I have large .csv file separated by tabs, which has strict structure with colClasses = c("integer", "integer", "numeric") . For some reason, there are number of trash irrelevant character lines, that broke the pattern, that's why I get
Error in scan(file, what, nmax, sep, dec, quote, skip, nlines, na.strings, :
scan() expected 'an integer', got 'ExecutiveProducers'
How can I ask read.table to continue and just to skip this lines? The file is large, so it's troublesome to perform the task by hand.
If it's impossible, should I use scan + for-loop ?
Now I just read everything as characters and then delete irrelevant rows and convert columns back to numeric, which I think not very memory-efficient
If your file fits into memory, you could first read the file, remove unwanted lines and then read those using read.csv:
lines <- readLines("yourfile")
# remove unwanted lines: select only lines that do not contain
# characters; assuming you have column titles in the first line,
# you want to add those back again; hence the c(1, sel)
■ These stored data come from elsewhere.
(* If gamma stayed in the span of gamma', ..., gamma^(n-1) on J, its coefficients beta_k in the
   frame would satisfy beta_n = 0, beta_1' = 1 and beta_k' = - beta_(k-1): all of them would vanish. *)
lemma exists_top_frame_coordinate_nonzero:
  fixes \<gamma> :: "real \<Rightarrow> real^'n"
  assumes ord: "bij_betw ord UNIV {1..CARD('n)}" and k0: "ord k0 = CARD('n)"
    and J: "open J" "J \<noteq> {}" "J \<subseteq> U"
    and smooth: "\<forall>k i. \<forall>x\<in>U. ((deriv ^^ k) (\<lambda>t. \<gamma> t $ i)) differentiable (at x)"
    and det: "\<forall>s\<in>J. det (deriv_frame ord \<gamma> s) \<noteq> 0"
  shows "\<exists>s\<in>J. (matrix_inv (deriv_frame ord \<gamma> s) *v \<gamma> s) $ k0 \<noteq> 0"
proof (rule ccontr)
  assume "\<not> ?thesis"
  then have vanish: "\<forall>s\<in>J. (matrix_inv (deriv_frame ord \<gamma> s) *v \<gamma> s) $ k0 = 0" by blast
  let ?n = "CARD('n)"
  let ?G = "deriv_frame ord \<gamma>"
  define cramer_coeff where "cramer_coeff s j =
    det (\<chi> i l. if l = j then \<gamma> s $ i else ?G s $ i $ l) / det (?G s)" for s j
  define \<beta> where "\<beta> k s = cramer_coeff s (inv_into UNIV ord k)" for k s
  have solves: "?G s *v (\<chi> j. cramer_coeff s j) = \<gamma> s" if "s \<in> J" for s
    using cramer[OF det[rule_format, OF that]] by (simp add: cramer_coeff_def)
  have rep: "\<gamma> t $ i = (\<Sum>k\<in>{1..?n}. \<beta> k t * curve_deriv k \<gamma> t $ i)" if "t \<in> J" for t i
    using deriv_frame_mult_component[OF ord, of \<gamma> t "\<chi> j. cramer_coeff t j" i] solves[OF that]
    by (simp add: \<beta>_def)
  have top: "\<forall>t\<in>J. \<beta> ?n t = 0"
  proof
    fix t assume t: "t \<in> J"
    have "invertible (?G t)" using det t by (simp add: invertible_det_nz)
    then have "matrix_inv (?G t) *v \<gamma> t = (\<chi> j. cramer_coeff t j)"
      using solves[OF t] by (metis matrix_inv_mult(2) matrix_vector_mul_assoc matrix_vector_mul_lid)
    moreover have "inv_into UNIV ord ?n = k0"
      using k0 bij_betw_imp_inj_on[OF ord] by (metis inv_f_f)
    ultimately show "\<beta> ?n t = 0" using vanish[rule_format, OF t] by (simp add: \<beta>_def)
  qed
  have diff: "\<beta> k differentiable (at t)" if "t \<in> J" for k t
    unfolding \<beta>_def cramer_coeff_def
    using differentiable_cramer_coefficient[OF smooth _ det[rule_format, OF that]] that J(3) by blast
  obtain s where s: "s \<in> J" using J(2) by blast
  have npos: "?n \<ge> 1" using zero_less_card_finite[where 'a='n] by linarith
  show False
    using coefficient_chain_contradiction[OF J(1) s npos top
        deriv_frame_coefficient_ode[OF ord J(1,3) smooth det rep top diff]] .
qed

lemma taylor_remainder_bound:
  fixes g :: "real \<Rightarrow> real"
  assumes smooth: "\<forall>k. \<forall>x\<in>U. (deriv ^^ k) g differentiable (at x)"
    and sub: "cball s0 r \<subseteq> U" and n: "0 < n"
  obtains K where "K \<ge> 0"
    "\<And>s. s \<in> cball s0 r \<Longrightarrow> \<bar>g s - (\<Sum>m<n. (deriv ^^ m) g s0 / fact m * (s - s0)^m)\<bar> \<le> K * \<bar>s - s0\<bar>^n"
proof -
  have "continuous_on (cball s0 r) ((deriv ^^ n) g)"
    using smooth sub by (intro continuous_at_imp_continuous_on ballI differentiable_imp_continuous_within) auto
  then have "compact ((deriv ^^ n) g ` cball s0 r)" by (intro compact_continuous_image) auto
  then obtain K0 where K0: "\<And>t. t \<in> cball s0 r \<Longrightarrow> \<bar>(deriv ^^ n) g t\<bar> \<le> K0"
    by (metis compact_imp_bounded bounded_iff imageI real_norm_def)
  define K where "K = max K0 0 / fact n"
  have "\<bar>g s - (\<Sum>m<n. (deriv ^^ m) g s0 / fact m * (s - s0)^m)\<bar> \<le> K * \<bar>s - s0\<bar>^n"
    if s: "s \<in> cball s0 r" for s
  proof (cases "s = s0")
    case True
    obtain n' where "n = Suc n'" using n gr0_conv_Suc by blast
    then show ?thesis using True by (simp add: sum.lessThan_Suc_shift)
  next
    case False
    have sr: "\<bar>s - s0\<bar> \<le> r" using s by (simp add: dist_real_def abs_minus_commute)
    have derivs: "\<forall>m t. m < n \<and> s0 - r \<le> t \<and> t \<le> s0 + r \<longrightarrow>
        ((deriv ^^ m) g has_real_derivative (deriv ^^ Suc m) g t) (at t)"
    proof (intro allI impI)
      fix m t assume "m < n \<and> s0 - r \<le> t \<and> t \<le> s0 + r"
      then have "t \<in> U" using sub by (auto simp: dist_real_def)
      then show "((deriv ^^ m) g has_real_derivative (deriv ^^ Suc m) g t) (at t)"
        using smooth DERIV_deriv_iff_real_differentiable by auto
    qed
    obtain t where t: "if s < s0 then s < t \<and> t < s0 else s0 < t \<and> t < s"
      and eq: "g s = (\<Sum>m<n. (deriv ^^ m) g s0 / fact m * (s - s0)^m) + (deriv ^^ n) g t / fact n * (s - s0)^n"
      using Taylor[OF n funpow_0 derivs, of s0 s] sr False by (auto simp: abs_le_iff)
    have "t \<in> cball s0 r" using t sr by (auto simp: dist_real_def split: if_splits)
    then have "\<bar>(deriv ^^ n) g t\<bar> \<le> max K0 0" using K0 by force
    then have "\<bar>(deriv ^^ n) g t / fact n * (s - s0)^n\<bar> \<le> max K0 0 / fact n * \<bar>s - s0\<bar>^n"
      by (simp add: abs_mult power_abs divide_right_mono mult_right_mono)
    then show ?thesis using eq by (simp add: K_def)
  qed
  moreover have "K \<ge> 0" by (simp add: K_def)
  ultimately show ?thesis using that by blast
qed

definition taylor_poly :: "(real \<Rightarrow> real^'n) \<Rightarrow> nat \<Rightarrow> real \<Rightarrow> real \<Rightarrow> real^'n" where
  "taylor_poly \<gamma> n s0 s = (\<Sum>m<n. ((s - s0) ^ m / fact m) *\<^sub>R curve_deriv m \<gamma> s0)"

lemma curve_taylor_remainder_bound:
  fixes \<gamma> :: "real \<Rightarrow> real^'n"
  assumes smooth: "\<forall>k i. \<forall>x\<in>U. ((deriv ^^ k) (\<lambda>t. \<gamma> t $ i)) differentiable (at x)"
    and sub: "cball s0 r \<subseteq> U" and n: "0 < n"
  obtains K where "K \<ge> 0"
    "\<And>s. s \<in> cball s0 r \<Longrightarrow> norm (\<gamma> s - taylor_poly \<gamma> n s0 s) \<le> K * \<bar>s - s0\<bar> ^ n"
proof -
  have "\<forall>j. \<exists>K\<ge>0. \<forall>s\<in>cball s0 r. \<bar>(\<gamma> s - taylor_poly \<gamma> n s0 s) $ j\<bar> \<le> K * \<bar>s - s0\<bar> ^ n"
  proof
    fix j
    obtain K where "K \<ge> 0" "\<And>s. s \<in> cball s0 r \<Longrightarrow>
        \<bar>\<gamma> s $ j - (\<Sum>m<n. (deriv ^^ m) (\<lambda>t. \<gamma> t $ j) s0 / fact m * (s - s0) ^ m)\<bar> \<le> K * \<bar>s - s0\<bar> ^ n"
      using taylor_remainder_bound[of U "\<lambda>t. \<gamma> t $ j" s0 r n] smooth sub n by auto
    then show "\<exists>K\<ge>0. \<forall>s\<in>cball s0 r. \<bar>(\<gamma> s - taylor_poly \<gamma> n s0 s) $ j\<bar> \<le> K * \<bar>s - s0\<bar> ^ n"
      by (auto simp: taylor_poly_def curve_deriv_def sum_component mult_ac)
  qed
  then obtain Kc where Kc: "\<forall>j. Kc j \<ge> 0 \<and>
      (\<forall>s\<in>cball s0 r. \<bar>(\<gamma> s - taylor_poly \<gamma> n s0 s) $ j\<bar> \<le> Kc j * \<bar>s - s0\<bar> ^ n)"
    by (metis choice)
  have "norm (\<gamma> s - taylor_poly \<gamma> n s0 s) \<le> (\<Sum>j\<in>UNIV. Kc j) * \<bar>s - s0\<bar> ^ n"
    if "s \<in> cball s0 r" for s
    using norm_le_l1_cart[of "\<gamma> s - taylor_poly \<gamma> n s0 s"] Kc that
    by (auto simp: sum_distrib_right intro: order_trans[OF _ sum_mono])
  moreover have "(\<Sum>j\<in>UNIV. Kc j) \<ge> 0" using Kc by (intro sum_nonneg) auto
  ultimately show ?thesis using that by blast
qed

lemma frame_taylor_poly_top_coordinate:
  fixes \<gamma> :: "real \<Rightarrow> real^'n"
  assumes ord: "bij_betw ord UNIV {1..CARD('n)}" and k0: "ord k0 = CARD('n)"
    and B: "B ** deriv_frame ord \<gamma> s0 = mat 1"
  shows "(B *v taylor_poly \<gamma> CARD('n) s0 s) $ k0 = (B *v \<gamma> s0) $ k0"
proof -
  have lower_derivs_vanish: "(B *v curve_deriv m \<gamma> s0) $ k0 = 0" if "1 \<le> m" "m < CARD('n)" for m
  proof -
    have "m \<in> ord ` UNIV" using ord that by (simp add: bij_betw_def)
    then obtain j where j: "ord j = m" by blast
    have "B *v curve_deriv m \<gamma> s0 = B *v (deriv_frame ord \<gamma> s0 *v axis j 1)"
      by (simp add: deriv_frame_mult_axis j)
    also have "\<dots> = axis j 1" by (simp add: matrix_vector_mul_assoc B)
    finally show ?thesis using j k0 that by (auto simp: axis_def)
  qed
  have "(B *v taylor_poly \<gamma> CARD('n) s0 s) $ k0
      = (\<Sum>m<CARD('n). (s - s0) ^ m / fact m * (B *v curve_deriv m \<gamma> s0) $ k0)"
    by (simp add: taylor_poly_def linear_sum[OF matrix_vector_mul_linear] o_def
        matrix_vector_mult_scaleR sum_component)
  also have "\<dots> = (\<Sum>m<CARD('n). if m = 0 then (B *v \<gamma> s0) $ k0 else 0)"
    using lower_derivs_vanish by (intro sum.cong) auto
  finally show ?thesis by simp
qed

lemma frame_top_coordinate_flat:
  fixes \<gamma> :: "real \<Rightarrow> real^'n"
  assumes ord: "bij_betw ord UNIV {1..CARD('n)}" and k0: "ord k0 = CARD('n)"
    and smooth: "\<forall>k i. \<forall>x\<in>U. ((deriv ^^ k) (\<lambda>t. \<gamma> t $ i)) differentiable (at x)"
    and sub: "cball s0 r \<subseteq> U"
    and B: "B ** deriv_frame ord \<gamma> s0 = mat 1"
  obtains K where "K \<ge> 0"
    "\<And>s. s \<in> cball s0 r \<Longrightarrow> \<bar>(B *v \<gamma> s) $ k0 - (B *v \<gamma> s0) $ k0\<bar> \<le> K * \<bar>s - s0\<bar> ^ CARD('n)"
proof -
  obtain K where K: "K \<ge> 0"
    "\<And>s. s \<in> cball s0 r \<Longrightarrow> norm (\<gamma> s - taylor_poly \<gamma> CARD('n) s0 s) \<le> K * \<bar>s - s0\<bar> ^ CARD('n)"
    using curve_taylor_remainder_bound[OF smooth sub zero_less_card_finite] by blast
  obtain L where L: "L > 0" "\<And>h. norm (B *v h) \<le> norm h * L"
    using bounded_linear.pos_bounded[OF matrix_vector_mul_bounded_linear[of B]] by blast
  have "\<bar>(B *v \<gamma> s) $ k0 - (B *v \<gamma> s0) $ k0\<bar> \<le> (K * L) * \<bar>s - s0\<bar> ^ CARD('n)"
    if s: "s \<in> cball s0 r" for s
  proof -
    have "\<bar>(B *v \<gamma> s) $ k0 - (B *v \<gamma> s0) $ k0\<bar> = \<bar>(B *v (\<gamma> s - taylor_poly \<gamma> CARD('n) s0 s)) $ k0\<bar>"
      by (simp add: matrix_vector_mult_diff_distrib frame_taylor_poly_top_coordinate[OF ord k0 B])
    also have "\<dots> \<le> norm (\<gamma> s - taylor_poly \<gamma> CARD('n) s0 s) * L"
      using component_le_norm_cart L(2) order_trans by blast
    also have "\<dots> \<le> (K * \<bar>s - s0\<bar> ^ CARD('n)) * L"
      using K(2)[OF s] L(1) by (intro mult_right_mono) auto
    finally show ?thesis by (simp add: mult_ac)
  qed
  moreover have "K * L \<ge> 0" using K(1) L(1) by simp
  ultimately show ?thesis using that by blast
qed

definition slab :: "real^'n^'n \<Rightarrow> 'n \<Rightarrow> real \<Rightarrow> real \<Rightarrow> real \<Rightarrow> (real^'n) set" where
  "slab B k R c w =
    {y. (\<forall>i. i \<noteq> k \<longrightarrow> \<bar>(B *v y) $ i\<bar> \<le> R) \<and> c \<le> (B *v y) $ k \<and> (B *v y) $ k < c + w}"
sel <- grep("[[:alpha:]]", lines, invert=TRUE)
lines <- lines[c(1,sel)]
# read data from selected lines
con <- textConnection(lines)
data <- read.csv(file=con, [other arguments as normal])
If the character strings are always the same, or always contain the same word, you can define them as NA values using
read.csv(..., na.strings="")
and the delete all of them afterwards with
omit.na(dataframe)